Insights Analysis (Optional)

Run optional interpretive analysis on top of factual audit data:

# Run all insights modules
aud insights --mode all

# ML-powered insights (requires pip install -e ".[ml]")
aud insights --mode ml --ml-train

# Graph health metrics and recommendations
aud insights --mode graph

# Taint vulnerability scoring
aud insights --mode taint

# Impact analysis insights
aud insights --mode impact

# Generate comprehensive report
aud insights --output insights_report.json

# Train ML model on your codebase patterns
aud insights --mode ml --ml-train --training-data .pf/raw/

# Get ML-powered suggestions
aud insights --mode ml --ml-suggest

Modes:

ml: Machine learning predictions and pattern recognition
graph: Health scores, architectural recommendations
taint: Vulnerability severity scoring and classification
impact: Change impact assessment and risk scoring
all: Run all available insights modules

The insights command:

Reads existing audit data from .pf/raw/
Applies interpretive scoring and classification
Generates actionable recommendations
Outputs to .pf/insights/ for separation from facts
Provides technical scoring without crossing into semantic interpretation

Graph Visualization

Generate rich visual intelligence from dependency graphs:

# Build dependency graphs first
aud graph build

# Basic visualization
aud graph viz

# Show only dependency cycles
aud graph viz --view cycles --include-analysis

# Top 10 hotspots (most connected nodes)
aud graph viz --view hotspots --top-hotspots 10

# Architectural layers visualization
aud graph viz --view layers --format svg

# Impact analysis visualization
aud graph viz --view impact --impact-target "src/auth/login.py"

# Call graph instead of import graph
aud graph viz --graph-type call --view full

# Generate SVG for AI analysis
aud graph viz --format svg --include-analysis --title "System Architecture"

# Custom output location
aud graph viz --out-dir ./architecture/ --format png

View Modes:

full: Complete graph with all nodes and edges
cycles: Only nodes/edges involved in dependency cycles (red highlighting)
hotspots: Top N most connected nodes with gradient coloring
layers: Architectural layers as subgraphs with clear hierarchy
impact: Highlight impact radius with color-coded upstream/downstream

Visual Encoding:

Node Color: Programming language (Python=blue, JavaScript=yellow, TypeScript=blue)
Node Size: Importance/connectivity (larger = more dependencies)
Edge Color: Red for cycles, gray for normal dependencies
Border Width: Code churn (thicker = more changes)
Node Shape: Module=box, Function=ellipse, Class=diamond

The graph viz command:

Generates Graphviz DOT format files
Optionally creates SVG/PNG images (requires Graphviz installation)
Supports filtered views for focusing on specific concerns
Includes analysis data for cycle and hotspot highlighting
Produces AI-readable SVG output for LLM analysis

Dependency Management

Check for outdated or vulnerable dependencies:

# Check for latest versions
aud deps --check-latest

# Scan for known vulnerabilities
aud deps --vuln-scan

# Update all dependencies to latest
aud deps --upgrade-all

Architecture: Truth Courier vs Insights

Understanding the Separation of Concerns

TheAuditor implements a strict architectural separation between factual observation (Truth Courier modules) and optional interpretation (Insights modules).

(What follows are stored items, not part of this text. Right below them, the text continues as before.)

lemma dense_sequence_exists:
  obtains xs :: "nat \<Rightarrow> 'a::polish_space" where "\<And>x r. r > 0 \<Longrightarrow> \<exists>i. dist (xs i) x < r"
proof -
  obtain X :: "'a set" where X: "countable X" "\<And>Y. open Y \<Longrightarrow> Y \<noteq> {} \<Longrightarrow> \<exists>d\<in>X. d \<in> Y"
    using countable_dense_setE by blast
  have "\<exists>i. dist (from_nat_into X i) x < r" if "r > 0" for x r
  proof -
    from X(2)[OF open_ball[of x r]] \<open>r > 0\<close> obtain d where d: "d \<in> X" "d \<in> ball x r" by auto
    then have "from_nat_into X (to_nat_on X d) = d" using X(1) by simp
    then show ?thesis using d by (metis dist_commute mem_ball)
  qed
  then show ?thesis using that by blast
qed

lemma compact_Inter_finite_cball_covers:
  fixes xs :: "nat \<Rightarrow> 'a::complete_space"
  shows "compact (\<Inter>n. \<Union>i\<le>k n. cball (xs i) (1 / Suc n))"
  unfolding compact_eq_totally_bounded
proof safe
  show "Topological_Spaces.complete (\<Inter>n. \<Union>i\<le>k n. cball (xs i) (1 / Suc n))"
    unfolding complete_eq_closed by (intro closed_INT closed_UN ballI closed_cball finite_atMost)
  fix r :: real assume "0 < r"
  then obtain n where n: "1 / real (Suc n) < r" by (rule nat_approx_posE)
  then have "(\<Inter>n. \<Union>i\<le>k n. cball (xs i) (1 / Suc n)) \<subseteq> (\<Union>x\<in>xs ` {..k n}. ball x r)" by force
  then show "\<exists>F. finite F \<and> (\<Inter>n. \<Union>i\<le>k n. cball (xs i) (1 / Suc n)) \<subseteq> (\<Union>x\<in>F. ball x r)" by blast
qed

lemma (in finite_measure) measure_UN_le_geometric:
  assumes "range A \<subseteq> sets M" "\<And>n. measure M (A n) \<le> e / 2 ^ Suc n"
  shows "measure M (\<Union>n. A n) \<le> e"
proof -
  have geometric: "(\<lambda>n. e / 2 ^ Suc n) sums e"
    using sums_mult[OF power_half_series, of e] by (simp add: power_divide)
  have summable: "summable (\<lambda>n. measure M (A n))"
    using assms(2) by (intro summable_comparison_test[OF _ sums_summable[OF geometric]]) auto
  have "measure M (\<Union>n. A n) \<le> (\<Sum>n. measure M (A n))"
    using finite_measure_subadditive_countably[OF assms(1) summable] .
  also have "\<dots> \<le> e"
    using suminf_le[OF assms(2) summable sums_summable[OF geometric]] geometric
    by (simp add: sums_iff)
  finally show ?thesis .
qed

lemma compactin_weak_top_tight:
  fixes K :: "'a::polish_space measure set"
  assumes K: "compactin weak_top K" and "e > 0"
  obtains C where "compact C" "\<And>P. P \<in> K \<Longrightarrow> measure P (- C) \<le> e"
proof -
  obtain xs :: "nat \<Rightarrow> 'a" where xs: "\<And>x r. r > 0 \<Longrightarrow> \<exists>i. dist (xs i) x < r"
    using dense_sequence_exists by blast
  have "\<exists>k. \<forall>P\<in>K. 1 - e / 2 ^ Suc n < measure P (\<Union>i\<le>k. ball (xs i) (1 / Suc n))" for n
  proof (rule compactin_weak_top_uniform_measure_incseq[OF K])
    show "(\<Union>k. \<Union>i\<le>k. ball (xs i) (1 / Suc n)) = UNIV"
      using xs[of "1 / Suc n"] by (auto simp: dist_commute) (meson atMost_iff order_refl)
  qed (use \<open>e > 0\<close> in \<open>auto simp: incseq_def, meson atMost_iff order_trans\<close>)
  then obtain k where k: "\<And>n P. P \<in> K \<Longrightarrow> 1 - e / 2 ^ Suc n < measure P (\<Union>i\<le>k n. ball (xs i) (1 / Suc n))"
    by metis
  define B where "B n = (\<Union>i\<le>k n. cball (xs i) (1 / Suc n))" for n
  have "measure P (- (\<Inter>n. B n)) \<le> e" if "P \<in> K" for P
  proof -
    have P: "P \<in> Prob" using compactin_weak_top_subset_Prob[OF K] that by auto
    interpret prob_space P using ProbD[OF P] by simp
    have B_events: "B n \<in> events" for n using ProbD(1)[OF P] by (auto simp: B_def)
    have "measure P (- B n) \<le> e / 2 ^ Suc n" for n
    proof -
      have "measure P (\<Union>i\<le>k n. ball (xs i) (1 / Suc n)) \<le> measure P (B n)"
        using B_events by (intro finite_measure_mono) (auto simp: B_def)
      moreover have "measure P (- B n) = 1 - measure P (B n)"
        using prob_compl[OF B_events] ProbD(3)[OF P] by (simp add: Compl_eq_Diff_UNIV)
      ultimately show ?thesis using k[OF that, of n] by linarith
    qed
    moreover have "range (\<lambda>n. - B n) \<subseteq> events"
      using sets.compl_sets[OF B_events] ProbD(3)[OF P] by (auto simp: Compl_eq_Diff_UNIV)
    ultimately show ?thesis using measure_UN_le_geometric[of "\<lambda>n. - B n"] by simp
  qed
  then show ?thesis
    using that compact_Inter_finite_cball_covers[of xs k] unfolding B_def by blast
qed

section \<open>Couplings and the optimal transport cost\<close>

lemma couplings_Prob: "\<pi> \<in> couplings \<eta> \<nu> \<Longrightarrow> \<pi> \<in> Prob"
  unfolding couplings_def Prob_def by auto

lemma couplings_marginalD:
  fixes \<eta> \<nu> :: "'a::topological_space measure"
  assumes "\<pi> \<in> couplings \<eta> \<nu>"
  shows "\<And>A. A \<in> sets borel \<Longrightarrow> measure \<pi> (fst -` A) = measure \<eta> A"
    and "\<And>A. A \<in> sets borel \<Longrightarrow> measure \<pi> (snd -` A) = measure \<nu> A"
    and "\<And>f::'a \<Rightarrow> real. f \<in> borel_measurable borel \<Longrightarrow> (\<integral>z. f (fst z) \<partial>\<pi>) = (\<integral>x. f x \<partial>\<eta>)"
    and "\<And>f::'a \<Rightarrow> real. f \<in> borel_measurable borel \<Longrightarrow> (\<integral>z. f (snd z) \<partial>\<pi>) = (\<integral>x. f x \<partial>\<nu>)"
proof -
  have \<pi>: "sets \<pi> = sets borel" "distr \<pi> borel fst = \<eta>" "distr \<pi> borel snd = \<nu>"
    using assms unfolding couplings_def by auto
  have space: "space \<pi> = UNIV" using ProbD(3)[OF couplings_Prob[OF assms]] .
  have fst: "fst \<in> measurable \<pi> borel" and snd: "snd \<in> measurable \<pi> borel"
    by (auto intro!: measurable_continuous_sets_borel[OF \<pi>(1)] continuous_intros)
  show "measure \<pi> (fst -` A) = measure \<eta> A" if "A \<in> sets borel" for A
    using measure_distr[OF fst that] \<pi>(2) space by simp
  show "measure \<pi> (snd -` A) = measure \<nu> A" if "A \<in> sets borel" for A
    using measure_distr[OF snd that] \<pi>(3) space by simp
  show "(\<integral>z. f (fst z) \<partial>\<pi>) = (\<integral>x. f x \<partial>\<eta>)" if "f \<in> borel_measurable borel" for f :: "'a \<Rightarrow> real"
    using integral_distr[OF fst that] \<pi>(2) by simp
  show "(\<integral>z. f (snd z) \<partial>\<pi>) = (\<integral>x. f x \<partial>\<nu>)" if "f \<in> borel_measurable borel" for f :: "'a \<Rightarrow> real"
    using integral_distr[OF snd that] \<pi>(3) by simp
qed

This design ensures the tool remains an objective source of ground truth while offering actionable intelligence when needed.

The Core Philosophy

TheAuditor doesn't try to understand your business logic or make your AI "smarter." Instead, it solves the real problem: LLMs lose context and make inconsistent changes across large codebases.

The workflow:

You tell AI: "Add JWT auth with CSRF tokens and password complexity"
AI writes code: Probably inconsistent due to context limits
You run: aud full
TheAuditor reports: All the inconsistencies and security holes
AI reads the report: Now sees the complete picture across all files
AI fixes issues: With full visibility of what's broken
Repeat until clean

Truth Courier Modules (Core)

These modules report verifiable facts without judgment:

# What Truth Couriers Report - Just Facts
{
    "taint_analyzer": "Data from req.body flows to res.send at line 45",
    "pattern_detector": "Line 45 matches pattern 'unsanitized-output'",
    "impact_analyzer": "Changing handleRequest() affects 12 downstream functions",
    "graph_analyzer": "Module A imports B, B imports C, C imports A"
}

Key Truth Couriers:

Indexer: Maps all code symbols and their locations
Taint Analyzer: Traces data flow through the application
Impact Analyzer: Maps dependency chains and change blast radius
Graph Analyzer: Detects cycles and architectural patterns
Pattern Detector: Matches code against security patterns

Insights Modules (Optional Scoring)

These optional modules add technical scoring and classification:

# What Insights Add - Technical Classifications
{
    "taint/insights": {
        "vulnerability_type": "Cross-Site Scripting",
        "severity": "HIGH"
    },
    "graph/insights": {
        "health_score": 70,
        "recommendation": "Reduce coupling"
    }
}

Installation:

# Base installation (Truth Couriers only)
pip install -e .

# With ML insights (optional)
pip install -e ".[ml]"

# Development with all dependencies (not for general users)
# pip install -e ".[all]"

Correlation Rules: Detecting YOUR Patterns

Correlation rules detect when multiple facts indicate an inconsistency in YOUR codebase:

# Example: Detecting incomplete refactoring
- name: "PRODUCT_VARIANT_REFACTOR"
  co_occurring_facts:
    - tool: "grep"
      pattern: "ProductVariant.*retail_price"  # Backend changed
    - tool: "grep"
      pattern: "product\\.unit_price"         # Frontend didn't

This isn't "understanding" that products have prices. It's detecting that you moved a field from one model to another and some code wasn't updated. Pure consistency checking.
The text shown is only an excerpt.